それは杞憂だとエフィも理解している。彼女らがその程度で油断するような人物ではないことを。しかし、エフィはなるべく彼女達に邪神と戦ってほしくない。少なくとも、もう一段階強くならなければ。だからエフィは、2人に嘘をつく。


下位も魔法が使えるのだと。


「もっと強くならないとね。」


「はい。」


2人は強くなった。A級には当然。もしかしたら、S級冒険者にすら届くかもしれない。


エリスの使った〈居合術〉。アーネの使った〈弓術〉。どちらも、〈武芸百般〉と呼ばれる白銀杏に匹敵する完成度であった。


「君達の武術。どちらも私に教えられる物はない程になったね。だから、オルニス都市に戻ったら魔法を鍛えよう。今の2人の魔力量ならどんな魔法だって使えるだろうからね。」


魔法。それは、エリスが最も得意とする力だ。しかし、恐らく今の彼女は〈居合術〉を扱うほうが強力なのだろう。何故なら、杏は魔法を不得手としているため、彼女では魔法を教えることができないから。

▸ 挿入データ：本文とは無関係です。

lemma convex_on_neg_ln_cdf_of:
  assumes int: "\<psi> absolutely_integrable_on UNIV" and cont: "continuous_on UNIV \<psi>"
    and pos: "\<And>x. \<psi> x > 0" and logconc: "concave_on UNIV (\<lambda>x. ln (\<psi> x))"
  shows "convex_on UNIV (\<lambda>x. - ln (cdf_of \<psi> x))"
proof (rule convex_on_realI)
  fix x :: real
  show "((\<lambda>x. - ln (cdf_of \<psi> x)) has_real_derivative - (\<psi> x / cdf_of \<psi> x)) (at x)"
    using cdf_of_pos[OF int cont pos, of x]
    by (auto intro!: derivative_eq_intros cdf_of_has_real_derivative[OF int cont] simp: field_simps)
next
  fix x y :: real
  assume "x \<le> y"
  then have "cdf_of \<psi> x * \<psi> y \<le> cdf_of \<psi> y * \<psi> x"
    by (rule cdf_of_density_ratio_mono[OF int pos logconc])
  then show "- (\<psi> x / cdf_of \<psi> x) \<le> - (\<psi> y / cdf_of \<psi> y)"
    using cdf_of_pos[OF int cont pos] by (simp add: divide_simps mult.commute)
qed simp

section \<open>Minimisers of quadratic objectives\<close>

lemma symmetric_quadratic_form_midpoint:
  fixes B :: "real^'n^'n"
  assumes "transpose B = B"
  shows "((1/2) *\<^sub>R (a + b)) \<bullet> (B *v ((1/2) *\<^sub>R (a + b)))
    = (a \<bullet> (B *v a) + b \<bullet> (B *v b)) / 2 - (a - b) \<bullet> (B *v (a - b)) / 4"
  using symmetric_matrix_inner_commute[OF assms, of a b]
  by (simp add: matrix_vector_mult_scaleR matrix_vector_right_distrib matrix_vector_mult_diff_distrib
      inner_add_left inner_add_right inner_diff_left inner_diff_right algebra_simps) (simp add: field_simps)

lemma convex_on_sum_coordinates:
  assumes "convex_on UNIV \<phi>"
  shows "convex_on UNIV (\<lambda>u::real^'n. \<Sum>j\<in>Z. \<phi> (u $ j * y j))"
proof (rule convex_onI)
  fix t :: real and u v :: "real^'n"
  assume "0 < t" "t < 1"
  then have "\<phi> (((1 - t) *\<^sub>R u + t *\<^sub>R v) $ j * y j) \<le> (1 - t) * \<phi> (u $ j * y j) + t * \<phi> (v $ j * y j)"
    for j
    using convex_onD[OF assms, of t "u $ j * y j" "v $ j * y j"] by (simp add: algebra_simps)
  then show "(\<Sum>j\<in>Z. \<phi> (((1 - t) *\<^sub>R u + t *\<^sub>R v) $ j * y j))
      \<le> (1 - t) * (\<Sum>j\<in>Z. \<phi> (u $ j * y j)) + t * (\<Sum>j\<in>Z. \<phi> (v $ j * y j))"
    by (simp add: sum_distrib_left sum.distrib[symmetric] sum_mono)
qed simp

lemma continuous_coercive_attains_min:
  fixes J :: "'a::euclidean_space \<Rightarrow> real"
  assumes cont: "continuous_on UNIV J" and coercive: "\<And>v. m * (v \<bullet> v) + c \<le> J v" and "m > 0"
  obtains u where "\<And>v. J u \<le> J v"
proof -
  define R where "R = sqrt (\<bar>J 0 - c\<bar> / m)"
  have "R \<ge> 0" using \<open>m > 0\<close> by (simp add: R_def)
  obtain u where u: "\<forall>v\<in>cball 0 R. J u \<le> J v"
    using continuous_attains_inf[OF compact_cball, of 0 R J] \<open>R \<ge> 0\<close>
      continuous_on_subset[OF cont] by auto
  have "J u \<le> J v" for v
  proof (cases "v \<in> cball 0 R")
    case False
    then have "R^2 < (norm v)^2" using \<open>R \<ge> 0\<close> by (intro power_strict_mono) auto
    then have "J 0 - c < m * (v \<bullet> v)"
      using \<open>m > 0\<close> abs_ge_self[of "J 0 - c"] by (simp add: R_def power2_norm_eq_inner field_simps)
    then have "J 0 < J v" using coercive[of v] by simp
    moreover have "J u \<le> J 0" using u \<open>R \<ge> 0\<close> by simp
    ultimately show ?thesis by simp
  qed (use u in simp)
  with that show ?thesis by blast
qed

lemma coercive_quadratic_plus_convex_unique_minimizer:
  fixes B :: "real^'n^'n"
  assumes sym: "transpose B = B" and coercive: "\<And>x. m * (x \<bullet> x) \<le> x \<bullet> (B *v x)" and "m > 0"
    and g: "convex_on UNIV g" "continuous_on UNIV g" "\<And>u. c \<le> g u"
    and J: "J = (\<lambda>u. (1/2) * (u \<bullet> (B *v u)) + g u)"
  shows "\<exists>!u. \<forall>v. J u \<le> J v"
proof -
  have "continuous_on UNIV J"
    unfolding J by (intro continuous_intros continuous_on_quadratic_form g)
  moreover have "(m / 2) * (v \<bullet> v) + c \<le> J v" for v
    using coercive[of v] g(3)[of v] by (simp add: J)
  ultimately obtain u where u: "\<forall>v. J u \<le> J v"
    using continuous_coercive_attains_min[of J "m / 2" c] \<open>m > 0\<close> by auto
  moreover have "u' = u" if u': "\<forall>v. J u' \<le> J v" for u'
  proof (rule ccontr)
    assume "u' \<noteq> u"
    then have "0 < (u - u') \<bullet> (B *v (u - u'))"
      using coercive[of "u - u'"] \<open>m > 0\<close> by (smt (verit) inner_gt_zero_iff mult_pos_pos right_minus_eq)
    moreover have "g ((1/2) *\<^sub>R (u + u')) \<le> (g u + g u') / 2"
      using convex_onD[OF g(1), of "1/2" u u'] by (simp add: scaleR_add_right)
    ultimately have "J ((1/2) *\<^sub>R (u + u')) < (J u + J u') / 2"
      unfolding J symmetric_quadratic_form_midpoint[OF sym] by argo
    then show False
      using u[rule_format, of "(1/2) *\<^sub>R (u + u')"] u'[rule_format, of "(1/2) *\<^sub>R (u + u')"] by argo
  qed
  ultimately show ?thesis by blast
qed

lemma quadratic_minus_separable_minimizer_gradient:
  fixes B :: "real^'n^'n"
  assumes sym: "transpose B = B"
    and deriv: "\<And>j s. (h j has_real_derivative h' j s) (at s)"
    and min: "\<And>v. (1/2) * (u \<bullet> (B *v u)) - (\<Sum>j\<in>Z. h j (u $ j))
                   \<le> (1/2) * (v \<bullet> (B *v v)) - (\<Sum>j\<in>Z. h j (v $ j))"
  shows "B *v u = (\<Sum>j\<in>Z. h' j (u $ j) *\<^sub>R axis j 1)"
proof -
  have "(B *v u) $ k = (\<Sum>j\<in>Z. h' j (u $ j) *\<^sub>R axis j 1) $ k" for k
  proof -
    define e :: "real^'n" where "e = axis k 1"
    define f where "f t = (1/2) * ((u + t *\<^sub>R e) \<bullet> (B *v (u + t *\<^sub>R e)))
      - (\<Sum>j\<in>Z. h j (u $ j + t * e $ j))" for t
    have "f = (\<lambda>t. (1/2) * (u \<bullet> (B *v u)) + t * (e \<bullet> (B *v u)) + (t^2 / 2) * (e \<bullet> (B *v e))
      - (\<Sum>j\<in>Z. h j (u $ j + t * e $ j)))"
      using symmetric_matrix_inner_commute[OF sym, of u e]
      by (simp add: fun_eq_iff f_def matrix_vector_right_distrib matrix_vector_mult_scaleR inner_add_left
          inner_add_right power2_eq_square algebra_simps)
    then have "(f has_real_derivative e \<bullet> (B *v u) - (\<Sum>j\<in>Z. h' j (u $ j) * e $ j)) (at 0)"
      by (auto intro!: derivative_eq_intros DERIV_chain2[OF deriv])
    moreover have "f 0 \<le> f t" for t
      using min[of "u + t *\<^sub>R e"] by (simp add: f_def)
    ultimately have "e \<bullet> (B *v u) - (\<Sum>j\<in>Z. h' j (u $ j) * e $ j) = 0"
      by (intro DERIV_local_min[of f _ 0 1]) auto
    moreover have "(\<Sum>j\<in>Z. h' j (u $ j) * e $ j) = (\<Sum>j\<in>Z. h' j (u $ j) *\<^sub>R axis j 1) $ k"
      by (simp add: e_def sum_component axis_def eq_commute)
    ultimately show ?thesis by (simp add: e_def inner_axis')
  qed
  then show ?thesis by (simp add: vec_eq_iff)
qed

section \<open>The probit objective\<close>

lemma sum_axis_nth: "(\<Sum>j\<in>Z. a j *\<^sub>R axis j (1::real)) $ k = (if k \<in> Z then a k else 0)"
  by (simp add: sum_component axis_def if_distrib[of "\<lambda>x. _ * x"] cong: if_cong)

lemma sum_axis_eq_iff:
  "(\<Sum>j\<in>Z. a j *\<^sub>R axis j (1::real)) = (\<Sum>j\<in>Z. b j *\<^sub>R axis j 1) \<longleftrightarrow> (\<forall>j\<in>Z. a j = b j)"
proof
  assume "(\<Sum>j\<in>Z. a j *\<^sub>R axis j (1::real)) = (\<Sum>j\<in>Z. b j *\<^sub>R axis j 1)"
  then show "\<forall>j\<in>Z. a j = b j" by (metis sum_axis_nth)
qed (auto intro: sum.cong)

lemma matrix_vector_mult_sum_axis:
  fixes C :: "real^'n^'m"
  shows "C *v (\<Sum>j\<in>Z. a j *\<^sub>R axis j 1) = (\<Sum>j\<in>Z. a j *\<^sub>R (C *v axis j 1))"
  by (simp add: matrix_vector_mult_scaleR vec.sum)

lemma sum_matrix_columns_nth:
  fixes C :: "real^'n^'m"
  shows "(\<Sum>j\<in>Z. a j *\<^sub>R (C *v axis j 1)) $ i = (\<Sum>k\<in>Z. a k * C $ i $ k)"
  by (simp add: sum_component matrix_vector_mult_basis column_def)

lemma column_combination_eq_iff:
  fixes C Ci :: "real^'n^'n"
  assumes "Ci ** C = mat 1"
  shows "(let u = (\<Sum>j\<in>Z. a j *\<^sub>R (C *v axis j 1)) in Ci *v u = (\<Sum>j\<in>Z. G j (u $ j) *\<^sub>R axis j 1))
    \<longleftrightarrow> (\<forall>j\<in>Z. a j = G j (\<Sum>k\<in>Z. a k * C $ j $ k))"
proof -
  have "Ci *v (\<Sum>j\<in>Z. a j *\<^sub>R (C *v axis j 1)) = (\<Sum>j\<in>Z. a j *\<^sub>R axis j 1)"
    using assms by (simp add: matrix_vector_mult_sum_axis[symmetric] matrix_vector_mul_assoc)
  then show ?thesis by (simp only: Let_def sum_matrix_columns_nth sum_axis_eq_iff)
qed

lemma probit_objective_minimizer:
  fixes Q :: "real^'n^'n" and \<Psi> \<psi> :: "real \<Rightarrow> real"
  assumes Q: "orthogonal_matrix Q" and mu: "\<forall>i. mu i > 0" and C: "C = Q ** diagm mu ** transpose Q"
    and \<Psi>_pos: "\<And>x. \<Psi> x > 0" and \<Psi>_le_1: "\<And>x. \<Psi> x \<le> 1"
    and \<Psi>_deriv: "\<And>x. (\<Psi> has_real_derivative \<psi> x) (at x)"
    and \<Psi>_convex: "convex_on UNIV (\<lambda>x. - ln (\<Psi> x))"
  shows "let Ci = matrix_inv C;
         J = (\<lambda>u::real^'n. (1/2) * (u \<bullet> (Ci *v u)) - (\<Sum>j\<in>Z'. ln (\<Psi> (u $ j * y j))));
         F = (\<lambda>j s. y j * \<psi> (s * y j) / \<Psi> (s * y j));
         e = (\<lambda>j::'n. axis j (1::real));
         c = (\<lambda>j. C *v e j);
         ismin = (\<lambda>u. \<forall>v. J u \<le> J v)
     in (\<exists>!u. ismin u)
        \<and> (\<forall>u. ismin u \<longrightarrow> Ci *v u = (\<Sum>j\<in>Z'. F j (u $ j) *\<^sub>R e j))
        \<and> (\<forall>u. ismin u \<longrightarrow> (\<exists>a. u = (\<Sum>j\<in>Z'. a j *\<^sub>R c j)))
        \<and> (\<forall>a. (let u = (\<Sum>j\<in>Z'. a j *\<^sub>R c j) in
                 Ci *v u = (\<Sum>j\<in>Z'. F j (u $ j) *\<^sub>R e j))
               \<longleftrightarrow> (\<forall>j\<in>Z'. a j = F j (\<Sum>k\<in>Z'. a k * C $ j $ k)))"
proof -
  define Ci where "Ci = matrix_inv C"
  have CCi: "C ** Ci = mat 1" and CiC: "Ci ** C = mat 1" and Ci_sym: "transpose Ci = Ci"
    and "\<exists>m>0. \<forall>x. m * (x \<bullet> x) \<le> x \<bullet> (Ci *v x)"
    using matrix_inv_positive_orthogonal_diagonalization[OF Q mu] by (simp_all add: Ci_def C)
  then obtain m where "m > 0" and Ci_coercive: "\<forall>x. m * (x \<bullet> x) \<le> x \<bullet> (Ci *v x)" by blast
  have unique: "\<exists>!u. \<forall>v. (1/2) * (u \<bullet> (Ci *v u)) - (\<Sum>j\<in>Z'. ln (\<Psi> (u $ j * y j)))
                 \<le> (1/2) * (v \<bullet> (Ci *v v)) - (\<Sum>j\<in>Z'. ln (\<Psi> (v $ j * y j)))"
  proof (rule coercive_quadratic_plus_convex_unique_minimizer[OF Ci_sym Ci_coercive[rule_format] \<open>m > 0\<close>])
    show "convex_on UNIV (\<lambda>u. \<Sum>j\<in>Z'. - ln (\<Psi> (u $ j * y j)))"
      by (rule convex_on_sum_coordinates[OF \<Psi>_convex])
    have "continuous_on UNIV \<Psi>"
      using \<Psi>_deriv by (intro continuous_at_imp_continuous_on) (auto intro: DERIV_isCont)
    then have "continuous_on UNIV (\<lambda>u::real^'n. \<Psi> (u $ j * y j))" for j
      by (rule continuous_on_compose2) (auto intro!: continuous_intros)
    then show "continuous_on UNIV (\<lambda>u. \<Sum>j\<in>Z'. - ln (\<Psi> (u $ j * y j)))"
      using \<Psi>_pos by (intro continuous_intros) (auto simp: less_imp_neq[OF \<Psi>_pos, symmetric])
    show "0 \<le> (\<Sum>j\<in>Z'. - ln (\<Psi> (u $ j * y j)))" for u :: "real^'n"
      using \<Psi>_pos \<Psi>_le_1 by (intro sum_nonneg) simp
  qed (simp add: fun_eq_iff sum_negf)
  have gradient: "Ci *v u = (\<Sum>j\<in>Z'. (y j * \<psi> (u $ j * y j) / \<Psi> (u $ j * y j)) *\<^sub>R axis j 1)"
    if "\<forall>v. (1/2) * (u \<bullet> (Ci *v u)) - (\<Sum>j\<in>Z'. ln (\<Psi> (u $ j * y j)))
             \<le> (1/2) * (v \<bullet> (Ci *v v)) - (\<Sum>j\<in>Z'. ln (\<Psi> (v $ j * y j)))" for u
  proof (rule quadratic_minus_separable_minimizer_gradient[OF Ci_sym])
    show "((\<lambda>s. ln (\<Psi> (s * y j))) has_real_derivative y j * \<psi> (s * y j) / \<Psi> (s * y j)) (at s)" for j s
      using \<Psi>_pos[of "s * y j"]
      by (auto intro!: derivative_eq_intros DERIV_chain2[OF \<Psi>_deriv] simp: field_simps)
  qed (use that in blast)
  have representation: "\<exists>a. u = (\<Sum>j\<in>Z'. a j *\<^sub>R (C *v axis j 1))"
    if "\<forall>v. (1/2) * (u \<bullet> (Ci *v u)) - (\<Sum>j\<in>Z'. ln (\<Psi> (u $ j * y j)))
             \<le> (1/2) * (v \<bullet> (Ci *v v)) - (\<Sum>j\<in>Z'. ln (\<Psi> (v $ j * y j)))" for u
  proof
    have "u = C *v (Ci *v u)" using CCi by (simp add: matrix_vector_mul_assoc)
    then show "u = (\<Sum>j\<in>Z'. (y j * \<psi> (u $ j * y j) / \<Psi> (u $ j * y j)) *\<^sub>R (C *v axis j 1))"
      by (simp add: gradient[OF that] matrix_vector_mult_sum_axis)
  qed
  show ?thesis
    unfolding Let_def Ci_def[symmetric]
    by (intro conjI allI impI unique gradient representation
        column_combination_eq_iff[OF CiC, unfolded Let_def]) blast+
qed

だからか、エリスの魔法の威力は彼女の魔法攻撃力に依存していた。つまり、彼女の魔法能力は2年前と比べて全く上昇していない。


「2人共。もっと強くなれるよ。」


エフィは嬉しそうに、ニヤリと笑みを浮かべる。


世界最高の武芸者に武芸を教わった2人に強力な魔法を教えれば、2人がどれ程強くなれるかは想像に難くないからだ。